[Collected data]
▼

theorem lemma6p1:
  fixes G :: "('a, 'b) monoid_scheme" and S H :: "'a set"
    and \<theta> lam theta_lam :: "'a \<Rightarrow> complex"
  assumes "group G" and "finite (carrier G)"
    and "subgroup H G" and "S \<lhd> G" and "S \<subseteq> H"
    and "\<theta> \<in> Irr G H" and "lam \<in> Irr G S" and "lies_above S \<theta> lam"
    and "theta_lam \<in> Irr G (stab G H S lam)" and "lies_above S theta_lam lam"
    and "ind G (stab G H S lam) H theta_lam = \<theta>"
    and "extends_to G (stab G (carrier G) H \<theta>) H \<theta>"
  shows "extends_to G (stab G (carrier G) H \<theta> \<inter> stab G (carrier G) S lam)
           (stab G H S lam) theta_lam"
proof -
  interpret group G by fact
  obtain m \<rho> where irr_\<rho>: "irr_rep G S m \<rho>" and lam: "lam = char_of S \<rho>"
    using assms(7) unfolding Irr_def by auto
  obtain n \<tau> where irr_\<tau>: "irr_rep G (stab G H S lam) n \<tau>"
    and theta_lam: "theta_lam = char_of (stab G H S lam) \<tau>"
    using assms(9) unfolding Irr_def by auto
  obtain d \<sigma> where \<sigma>: "is_rep G (stab G (carrier G) H \<theta>) d \<sigma>"
    and \<sigma>_extends: "res H (char_of (stab G (carrier G) H \<theta>) \<sigma>) = \<theta>"
    using assms(12) unfolding extends_to_def is_character_def by auto
  obtain k \<psi> where rep_\<psi>: "is_rep G H k \<psi>" and \<theta>: "\<theta> = char_of H \<psi>"
    using assms(6) unfolding Irr_def irr_rep_def by auto
  have HE: "H \<subseteq> stab G (carrier G) H \<theta>"
    unfolding \<theta> by (rule subgroup_subset_stab_char[OF assms(3) rep_\<psi>])
  have \<sigma>_ind: "res H (char_of (stab G (carrier G) H \<theta>) \<sigma>) = ind G (stab G H S lam) H theta_lam"
    using \<sigma>_extends assms(11) by simp
  show ?thesis
    using clifford_correspondent_extends[OF assms(2,4,3,5) irr_\<rho> irr_\<tau>[unfolded lam]
        assms(10)[unfolded lam theta_lam] \<sigma> HE stab_subset \<sigma>_ind[unfolded lam theta_lam]]
    unfolding lam theta_lam .
qed

end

▲

Your task is to repeat every entry above exactly.

- [Task result]:
theorem lemma6p1:
  fixes G :: "('a, 'b) monoid_scheme" and S H :: "'a set"
    and \<theta> lam theta_lam :: "'a \<Rightarrow> complex"
  assumes "group G" and "finite (carrier G)"
    and "subgroup H G" and "S \<lhd> G" and "S \<subseteq> H"
    and "\<theta> \<in> Irr G H" and "lam \<in> Irr G S" and "lies_above S \<theta> lam"
    and "theta_lam \<in> Irr G (stab G H S lam)" and "lies_above S theta_lam lam"
    and "ind G (stab G H S lam) H theta_lam = \<theta>"
    and "extends_to G (stab G (carrier G) H \<theta>) H \<theta>"
  shows "extends_to G (stab G (carrier G) H \<theta> \<inter> stab G (carrier G) S lam)
           (stab G H S lam) theta_lam"
proof -
  interpret group G by fact
  obtain m \<rho> where irr_\<rho>: "irr_rep G S m \<rho>" and lam: "lam = char_of S \<rho>"
    using assms(7) unfolding Irr_def by auto
  obtain n \<tau> where irr_\<tau>: "irr_rep G (stab G H S lam) n \<tau>"
    and theta_lam: "theta_lam = char_of (stab G H S lam) \<tau>"
    using assms(9) unfolding Irr_def by auto
  obtain d \<sigma> where \<sigma>: "is_rep G (stab G (carrier G) H \<theta>) d \<sigma>"
    and \<sigma>_extends: "res H (char_of (stab G (carrier G) H \<theta>) \<sigma>) = \<theta>"
    using assms(12) unfolding extends_to_def is_character_def by auto
  obtain k \<psi> where rep_\<psi>: "is_rep G H k \<psi>" and \<theta>: "\<theta> = char_of H \<psi>"
    using assms(6) unfolding Irr_def irr_rep_def by auto
  have HE: "H \<subseteq> stab G (carrier G) H \<theta>"
    unfolding \<theta> by (rule subgroup_subset_stab_char[OF assms(3) rep_\<psi>])
  have \<sigma>_ind: "res H (char_of (stab G (carrier G) H \<theta>) \<sigma>) = ind G (stab G H S lam) H theta_lam"
    using \<sigma>_extends assms(11) by simp
  show ?thesis
    using clifford_correspondent_extends[OF assms(2,4,3,5) irr_\<rho> irr_\<tau>[unfolded lam]
        assms(10)[unfolded lam theta_lam] \<sigma> HE stab_subset \<sigma>_ind[unfolded lam theta_lam]]
    unfolding lam theta_lam .
qed

end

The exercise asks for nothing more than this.